DATA EXCERPTS:
lemma lconv_translate:
  assumes g: "g \<in> A" and h: "h \<in> A" and e: "e \<in> S.C" and b: "b \<in> G.rfibre (G.r (q e))"
  shows "lconv g h (S.m (S.iv (P b)) e) =
    fsum (\<lambda>a. g (S.m (S.iv (P b)) (P a)) * h (S.m (S.iv (P a)) e)) (G.rfibre (G.r (q e)))"
proof -
  let ?c = "S.m (S.iv (P b)) e"
  have bC: "b \<in> G.C" and rb: "G.r b = G.r (q e)" using b by (auto simp: G.rfibre_iff)
  note c = q_iv_mult[OF P_in[OF bC] e S_r_P[OF b e]]
  define \<sigma> where "\<sigma> d = S.m (S.iv (P b)) (P (G.m b d))" for d
  have \<sigma>: "\<sigma> d \<in> S.C \<and> q (\<sigma> d) = d" if "d \<in> G.rfibre (G.r (q ?c))" for d
  proof -
    have d: "d \<in> G.C" "G.r d = G.s b" using that c bC by (auto simp: G.rfibre_iff)
    then have "G.m b d \<in> G.rfibre (G.r (q e))" using bC rb by (simp add: G.rfibre_iff)
    then show ?thesis
      unfolding \<sigma>_def using q_iv_mult[of "P b" "P (G.m b d)"] bC d S_r_P[OF b e] S_r_P[of "G.m b d" e] e
      by (simp add: G.iv_mult_cancel_left)
  qed
  have bij: "bij_betw (G.m b) (G.rfibre (G.r (q ?c))) (G.rfibre (G.r (q e)))"
    using G.bij_betw_mult_rfibre[OF bC] c bC rb by simp
  have "lconv g h ?c = fsum (\<lambda>d. g (\<sigma> d) * h (S.m (S.iv (\<sigma> d)) ?c)) (G.rfibre (G.r (q ?c)))"
    by (rule lconv_any_lift[OF g h c(1) \<sigma>])
  also have "\<dots> = fsum (\<lambda>a. g (S.m (S.iv (P b)) (P a)) *
      h (S.m (S.iv (S.m (S.iv (P b)) (P a))) ?c)) (G.rfibre (G.r (q e)))"
    by (rule fsum_reindex_bij_betw[OF bij]) (simp add: \<sigma>_def)
  also have "\<dots> = fsum (\<lambda>a. g (S.m (S.iv (P b)) (P a)) * h (S.m (S.iv (P a)) e)) (G.rfibre (G.r (q e)))"
  proof (rule fsum_cong)
    fix a assume a: "a \<in> G.rfibre (G.r (q e))"
    then have "S.m (S.iv (S.m (S.iv (P b)) (P a))) ?c = S.m (S.iv (P a)) e"
      using bC e S_r_P[OF b e] S_r_P[OF a e] by (intro S.iv_left_quotient) (auto simp: G.rfibre_iff)
    then show "g (S.m (S.iv (P b)) (P a)) * h (S.m (S.iv (S.m (S.iv (P b)) (P a))) ?c) =
        g (S.m (S.iv (P b)) (P a)) * h (S.m (S.iv (P a)) e)" by simp
  qed
  finally show ?thesis .
qed

lemma lconv_translate_eq_sum:
  assumes f: "f \<in> A" and g: "g \<in> A" and h: "h \<in> A" and e: "e \<in> S.C"
    and b: "b \<in> G.rfibre (G.r (q e)) \<inter> qsupp f"
  shows "lconv g h (S.m (S.iv (P b)) e) =
    (\<Sum>a \<in> G.rfibre (G.r (q e)) \<inter> G.setmult (qsupp f) (qsupp g).
      g (S.m (S.iv (P b)) (P a)) * h (S.m (S.iv (P a)) e))"
proof -
  let ?x = "G.r (q e)"
  have bC: "b \<in> G.C" "G.r b = ?x" using b by (auto simp: G.rfibre_iff)
  have "g (S.m (S.iv (P b)) (P a)) = 0"
    if a: "a \<in> G.rfibre ?x" "a \<notin> G.setmult (qsupp f) (qsupp g)" for a
  proof (rule ccontr)
    let ?d = "S.m (S.iv (P b)) (P a)"
    have aC: "a \<in> G.C" "G.r a = ?x" using a by (auto simp: G.rfibre_iff)
    have "S.r (P b) = S.r (P a)" using aC bC by (simp add: S_r_eq_iff)
    note d = q_iv_mult[OF P_in[OF bC(1)] P_in[OF aC(1)] this]
    assume "g ?d \<noteq> 0"
    then have "q ?d \<in> qsupp g" using qsupp_memI d(1) by blast
    then have "G.m b (q ?d) \<in> G.setmult (qsupp f) (qsupp g)"
      using b d aC bC q_in[OF d(1)] by (intro G.setmultI) auto
    then show False
      using a d aC bC by (simp add: G.mult_iv_cancel_left)
  qed
  moreover have "finite (G.rfibre ?x \<inter> G.setmult (qsupp f) (qsupp g))"
    using e G.finite_rfibre_Int_compactin G.compactin_setmult compactin_qsupp f g by simp
  ultimately show ?thesis
    unfolding lconv_translate[OF g h e b[THEN IntD1]] by (intro fsum_eq_sum) auto
qed

text \<open>Both sides are the double sum of f(P b) g(P(b)^-1 P(a)) h(P(a)^-1 e) over a in the finite
  set G^r(q e) \<inter> supp f \<cdot> supp g and b in G^r(q e) \<inter> supp f.\<close>
lemma lconv_assoc_at:
  assumes f: "f \<in> A" and g: "g \<in> A" and h: "h \<in> A" and e: "e \<in> S.C"
  shows "lconv (lconv f g) h e = lconv f (lconv g h) e"
proof -
  define x where "x = G.r (q e)"
  define M where "M = G.setmult (qsupp f) (qsupp g)"
  define Fa where "Fa = G.rfibre x \<inter> M"
  define Fb where "Fb = G.rfibre x \<inter> qsupp f"
  define t where "t a b = f (P b) * g (S.m (S.iv (P b)) (P a)) * h (S.m (S.iv (P a)) e)" for a b
  have xC: "x \<in> G.C" using e by (simp add: x_def)
  have Fa: "finite Fa" "Fa \<subseteq> G.rfibre x"
    unfolding Fa_def M_def using G.finite_rfibre_Int_compactin[OF xC
      G.compactin_setmult[OF compactin_qsupp[OF f] compactin_qsupp[OF g]]] by auto
  have Fb: "finite Fb" "Fb \<subseteq> G.rfibre x"
    unfolding Fb_def using G.finite_rfibre_Int_compactin[OF xC compactin_qsupp[OF f]] by auto
  have f_vanish: "f (P b) = 0" if "b \<in> G.rfibre x" "b \<notin> Fb" for b
    using that qsupp_memI[of "P b" f] by (auto simp: Fb_def G.rfibre_iff)
  have inner_left: "lconv f g (P a) = (\<Sum>b\<in>Fb. f (P b) * g (S.m (S.iv (P b)) (P a)))"
    if a: "a \<in> G.rfibre x" for a
    using a Fb f_vanish by (intro lconv_eq_sum) (auto simp: G.rfibre_iff)
  have inner_right: "lconv g h (S.m (S.iv (P b)) e) =
      (\<Sum>a\<in>Fa. g (S.m (S.iv (P b)) (P a)) * h (S.m (S.iv (P a)) e))"
    if "b \<in> Fb" for b
    using that lconv_translate_eq_sum[OF f g h e] by (simp add: Fa_def Fb_def M_def x_def)
  have "lconv (lconv f g) h e = (\<Sum>a\<in>Fa. lconv f g (P a) * h (S.m (S.iv (P a)) e))"
  proof (rule lconv_eq_sum[OF e])
    show "lconv f g (P a) = 0" if "a \<in> G.rfibre (G.r (q e))" "a \<notin> Fa" for a
      using that lconv_nonzeroD(2)[OF f g, of "P a"] by (auto simp: Fa_def M_def x_def G.rfibre_iff)
  qed (use Fa in \<open>simp_all add: x_def\<close>)
  also have "\<dots> = (\<Sum>a\<in>Fa. \<Sum>b\<in>Fb. t a b)"
    using Fa(2) by (simp add: inner_left t_def sum_distrib_right subset_iff)
  also have "\<dots> = (\<Sum>b\<in>Fb. \<Sum>a\<in>Fa. t a b)"
    by (rule sum.swap)
  also have "\<dots> = (\<Sum>b\<in>Fb. f (P b) * lconv g h (S.m (S.iv (P b)) e))"
    by (simp add: inner_right t_def sum_distrib_left mult.assoc)
  also have "\<dots> = lconv f (lconv g h) e"
    using Fb f_vanish by (intro lconv_eq_sum[symmetric] e) (auto simp: x_def)
  finally show ?thesis .
qed

lemma lconv_assoc:
  assumes "f \<in> A" "g \<in> A" "h \<in> A"
  shows "lconv (lconv f g) h = lconv f (lconv g h)"
proof
  fix e show "lconv (lconv f g) h e = lconv f (lconv g h) e"
  proof (cases "e \<in> S.C")
    case True then show ?thesis by (rule lconv_assoc_at[OF assms])
  qed (simp add: lconv_def)
qed

text \<open>If r(q e) lies in r(B) for the chosen bisection B through a, then B contains exactly one
  element \<open>lift a e\<close> of G^r(q e), and it depends continuously on e.\<close>
definition lift_dom :: "'g \<Rightarrow> 's set" where
  "lift_dom a = {e \<in> S.C. G.r (q e) \<in> G.r ` G.nbhd_bisection a}"

definition lift :: "'g \<Rightarrow> 's \<Rightarrow> 'g" where
  "lift a e = G.local_r_section a (G.r (q e))"

lemma continuous_r_q: "continuous_map (gtop S) (subtopology (gtop G) UG) (G.r \<circ> q)"
  by (intro continuous_map_into_subtopology continuous_map_compose[OF continuous_q G.continuous_r])
     auto

lemma openin_lift_dom: "a \<in> G.C \<Longrightarrow> openin (gtop S) (lift_dom a)"
  using openin_continuous_map_preimage[OF continuous_r_q G.openin_r_nbhd_bisection]
  by (simp add: lift_dom_def)

lemma lift_in:
  assumes "a \<in> G.C" "e \<in> lift_dom a"
  shows "lift a e \<in> G.nbhd_bisection a" "lift a e \<in> G.rfibre (G.r (q e))"
  using G.local_r_section_in[OF assms(1)] G.nbhd_bisection(4)[OF assms(1)] assms(2)
  by (auto simp: lift_def lift_dom_def G.rfibre_iff)

lemma lift_self:
  assumes "a \<in> G.C" "e \<in> S.C" "G.r (q e) = G.r a"
  shows "e \<in> lift_dom a" "lift a e = a"
  using assms G.nbhd_bisection(3)[OF assms(1)] G.local_r_section_r[OF assms(1)]
  by (auto simp: lift_dom_def lift_def)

ACTION ITEM: If a line in the data above holds the string "shows", report that line.

REPLY TO THE TASK:
  shows "lconv g h (S.m (S.iv (P b)) e) =
  shows "lconv g h (S.m (S.iv (P b)) e) =
  shows "lconv (lconv f g) h e = lconv f (lconv g h) e"
  shows "lconv (lconv f g) h = lconv f (lconv g h)"
  shows "lift a e \<in> G.nbhd_bisection a" "lift a e \<in> G.rfibre (G.r (q e))"
  shows "e \<in> lift_dom a" "lift a e = a"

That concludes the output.